▶ DATASET CONTENT:
BEGIN

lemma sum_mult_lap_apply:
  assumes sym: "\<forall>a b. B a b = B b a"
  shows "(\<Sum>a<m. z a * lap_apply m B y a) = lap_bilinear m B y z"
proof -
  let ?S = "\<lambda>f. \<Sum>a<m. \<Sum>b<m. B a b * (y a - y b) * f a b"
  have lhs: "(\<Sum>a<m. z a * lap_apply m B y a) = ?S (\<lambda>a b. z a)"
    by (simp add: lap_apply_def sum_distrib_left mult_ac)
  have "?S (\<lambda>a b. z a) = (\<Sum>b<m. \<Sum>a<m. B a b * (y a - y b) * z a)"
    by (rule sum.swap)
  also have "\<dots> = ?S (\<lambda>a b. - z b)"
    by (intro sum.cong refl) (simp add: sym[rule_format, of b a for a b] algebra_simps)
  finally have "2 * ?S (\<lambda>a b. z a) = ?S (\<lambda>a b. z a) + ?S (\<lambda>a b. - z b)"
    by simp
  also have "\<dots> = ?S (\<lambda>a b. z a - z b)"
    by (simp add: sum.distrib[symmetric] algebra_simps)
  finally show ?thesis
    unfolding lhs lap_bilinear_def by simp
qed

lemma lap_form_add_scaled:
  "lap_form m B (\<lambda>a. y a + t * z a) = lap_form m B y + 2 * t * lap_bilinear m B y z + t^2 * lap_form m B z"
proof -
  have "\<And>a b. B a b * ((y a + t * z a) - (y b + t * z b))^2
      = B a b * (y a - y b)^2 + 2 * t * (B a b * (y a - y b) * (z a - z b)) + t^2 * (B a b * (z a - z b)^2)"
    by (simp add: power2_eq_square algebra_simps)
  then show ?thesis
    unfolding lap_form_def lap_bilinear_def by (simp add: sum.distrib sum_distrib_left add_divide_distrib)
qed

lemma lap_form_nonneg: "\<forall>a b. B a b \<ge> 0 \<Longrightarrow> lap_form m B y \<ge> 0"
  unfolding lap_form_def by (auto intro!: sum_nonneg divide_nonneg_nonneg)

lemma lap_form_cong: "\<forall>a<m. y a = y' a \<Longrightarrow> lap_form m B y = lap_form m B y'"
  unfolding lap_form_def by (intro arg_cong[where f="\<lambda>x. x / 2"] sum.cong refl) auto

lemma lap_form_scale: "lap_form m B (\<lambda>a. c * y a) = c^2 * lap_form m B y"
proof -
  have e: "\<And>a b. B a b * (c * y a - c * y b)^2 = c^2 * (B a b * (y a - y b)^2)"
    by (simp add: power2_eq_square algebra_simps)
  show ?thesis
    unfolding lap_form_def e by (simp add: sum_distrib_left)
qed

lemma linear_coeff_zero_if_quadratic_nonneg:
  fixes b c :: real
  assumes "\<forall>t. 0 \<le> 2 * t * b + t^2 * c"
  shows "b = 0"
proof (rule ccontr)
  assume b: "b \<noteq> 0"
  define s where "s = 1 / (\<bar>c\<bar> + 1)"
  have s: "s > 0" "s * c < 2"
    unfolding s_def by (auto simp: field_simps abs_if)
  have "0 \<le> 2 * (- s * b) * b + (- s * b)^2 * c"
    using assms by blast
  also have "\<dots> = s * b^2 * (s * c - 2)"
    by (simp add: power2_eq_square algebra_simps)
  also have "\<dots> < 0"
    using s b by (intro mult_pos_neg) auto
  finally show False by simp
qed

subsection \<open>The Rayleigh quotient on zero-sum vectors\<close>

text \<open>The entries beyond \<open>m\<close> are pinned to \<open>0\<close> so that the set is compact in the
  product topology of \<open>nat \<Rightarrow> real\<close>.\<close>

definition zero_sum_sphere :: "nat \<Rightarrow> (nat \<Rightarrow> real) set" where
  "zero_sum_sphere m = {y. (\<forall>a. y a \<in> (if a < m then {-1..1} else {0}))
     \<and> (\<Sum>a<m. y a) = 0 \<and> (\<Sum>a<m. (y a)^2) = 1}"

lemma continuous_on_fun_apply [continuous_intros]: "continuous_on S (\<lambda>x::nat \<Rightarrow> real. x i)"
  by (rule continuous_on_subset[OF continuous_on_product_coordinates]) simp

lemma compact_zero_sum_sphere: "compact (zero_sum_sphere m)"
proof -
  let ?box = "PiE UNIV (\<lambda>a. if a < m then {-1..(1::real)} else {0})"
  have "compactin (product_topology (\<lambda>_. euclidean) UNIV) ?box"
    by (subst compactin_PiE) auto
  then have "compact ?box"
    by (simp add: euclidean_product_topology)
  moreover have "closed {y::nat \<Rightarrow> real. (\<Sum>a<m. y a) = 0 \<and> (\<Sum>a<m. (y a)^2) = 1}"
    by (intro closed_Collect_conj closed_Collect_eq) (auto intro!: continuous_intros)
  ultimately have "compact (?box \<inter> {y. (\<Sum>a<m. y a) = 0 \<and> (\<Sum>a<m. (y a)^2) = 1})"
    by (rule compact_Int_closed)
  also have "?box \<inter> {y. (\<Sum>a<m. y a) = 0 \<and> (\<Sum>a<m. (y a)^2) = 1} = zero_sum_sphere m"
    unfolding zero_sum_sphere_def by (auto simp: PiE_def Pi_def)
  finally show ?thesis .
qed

END

▶ TASK STATEMENT:
Output the full listing again, exactly as it stands above.

▶ ANSWER BOX:
lemma sum_mult_lap_apply:
  assumes sym: "\<forall>a b. B a b = B b a"
  shows "(\<Sum>a<m. z a * lap_apply m B y a) = lap_bilinear m B y z"
proof -
  let ?S = "\<lambda>f. \<Sum>a<m. \<Sum>b<m. B a b * (y a - y b) * f a b"
  have lhs: "(\<Sum>a<m. z a * lap_apply m B y a) = ?S (\<lambda>a b. z a)"
    by (simp add: lap_apply_def sum_distrib_left mult_ac)
  have "?S (\<lambda>a b. z a) = (\<Sum>b<m. \<Sum>a<m. B a b * (y a - y b) * z a)"
    by (rule sum.swap)
  also have "\<dots> = ?S (\<lambda>a b. - z b)"
    by (intro sum.cong refl) (simp add: sym[rule_format, of b a for a b] algebra_simps)
  finally have "2 * ?S (\<lambda>a b. z a) = ?S (\<lambda>a b. z a) + ?S (\<lambda>a b. - z b)"
    by simp
  also have "\<dots> = ?S (\<lambda>a b. z a - z b)"
    by (simp add: sum.distrib[symmetric] algebra_simps)
  finally show ?thesis
    unfolding lhs lap_bilinear_def by simp
qed

lemma lap_form_add_scaled:
  "lap_form m B (\<lambda>a. y a + t * z a) = lap_form m B y + 2 * t * lap_bilinear m B y z + t^2 * lap_form m B z"
proof -
  have "\<And>a b. B a b * ((y a + t * z a) - (y b + t * z b))^2
      = B a b * (y a - y b)^2 + 2 * t * (B a b * (y a - y b) * (z a - z b)) + t^2 * (B a b * (z a - z b)^2)"
    by (simp add: power2_eq_square algebra_simps)
  then show ?thesis
    unfolding lap_form_def lap_bilinear_def by (simp add: sum.distrib sum_distrib_left add_divide_distrib)
qed

lemma lap_form_nonneg: "\<forall>a b. B a b \<ge> 0 \<Longrightarrow> lap_form m B y \<ge> 0"
  unfolding lap_form_def by (auto intro!: sum_nonneg divide_nonneg_nonneg)

lemma lap_form_cong: "\<forall>a<m. y a = y' a \<Longrightarrow> lap_form m B y = lap_form m B y'"
  unfolding lap_form_def by (intro arg_cong[where f="\<lambda>x. x / 2"] sum.cong refl) auto

lemma lap_form_scale: "lap_form m B (\<lambda>a. c * y a) = c^2 * lap_form m B y"
proof -
  have e: "\<And>a b. B a b * (c * y a - c * y b)^2 = c^2 * (B a b * (y a - y b)^2)"
    by (simp add: power2_eq_square algebra_simps)
  show ?thesis
    unfolding lap_form_def e by (simp add: sum_distrib_left)
qed

lemma linear_coeff_zero_if_quadratic_nonneg:
  fixes b c :: real
  assumes "\<forall>t. 0 \<le> 2 * t * b + t^2 * c"
  shows "b = 0"
proof (rule ccontr)
  assume b: "b \<noteq> 0"
  define s where "s = 1 / (\<bar>c\<bar> + 1)"
  have s: "s > 0" "s * c < 2"
    unfolding s_def by (auto simp: field_simps abs_if)
  have "0 \<le> 2 * (- s * b) * b + (- s * b)^2 * c"
    using assms by blast
  also have "\<dots> = s * b^2 * (s * c - 2)"
    by (simp add: power2_eq_square algebra_simps)
  also have "\<dots> < 0"
    using s b by (intro mult_pos_neg) auto
  finally show False by simp
qed

subsection \<open>The Rayleigh quotient on zero-sum vectors\<close>

text \<open>The entries beyond \<open>m\<close> are pinned to \<open>0\<close> so that the set is compact in the
  product topology of \<open>nat \<Rightarrow> real\<close>.\<close>

definition zero_sum_sphere :: "nat \<Rightarrow> (nat \<Rightarrow> real) set" where
  "zero_sum_sphere m = {y. (\<forall>a. y a \<in> (if a < m then {-1..1} else {0}))
     \<and> (\<Sum>a<m. y a) = 0 \<and> (\<Sum>a<m. (y a)^2) = 1}"

lemma continuous_on_fun_apply [continuous_intros]: "continuous_on S (\<lambda>x::nat \<Rightarrow> real. x i)"
  by (rule continuous_on_subset[OF continuous_on_product_coordinates]) simp

lemma compact_zero_sum_sphere: "compact (zero_sum_sphere m)"
proof -
  let ?box = "PiE UNIV (\<lambda>a. if a < m then {-1..(1::real)} else {0})"
  have "compactin (product_topology (\<lambda>_. euclidean) UNIV) ?box"
    by (subst compactin_PiE) auto
  then have "compact ?box"
    by (simp add: euclidean_product_topology)
  moreover have "closed {y::nat \<Rightarrow> real. (\<Sum>a<m. y a) = 0 \<and> (\<Sum>a<m. (y a)^2) = 1}"
    by (intro closed_Collect_conj closed_Collect_eq) (auto intro!: continuous_intros)
  ultimately have "compact (?box \<inter> {y. (\<Sum>a<m. y a) = 0 \<and> (\<Sum>a<m. (y a)^2) = 1})"
    by (rule compact_Int_closed)
  also have "?box \<inter> {y. (\<Sum>a<m. y a) = 0 \<and> (\<Sum>a<m. (y a)^2) = 1} = zero_sum_sphere m"
    unfolding zero_sum_sphere_def by (auto simp: PiE_def Pi_def)
  finally show ?thesis .
qed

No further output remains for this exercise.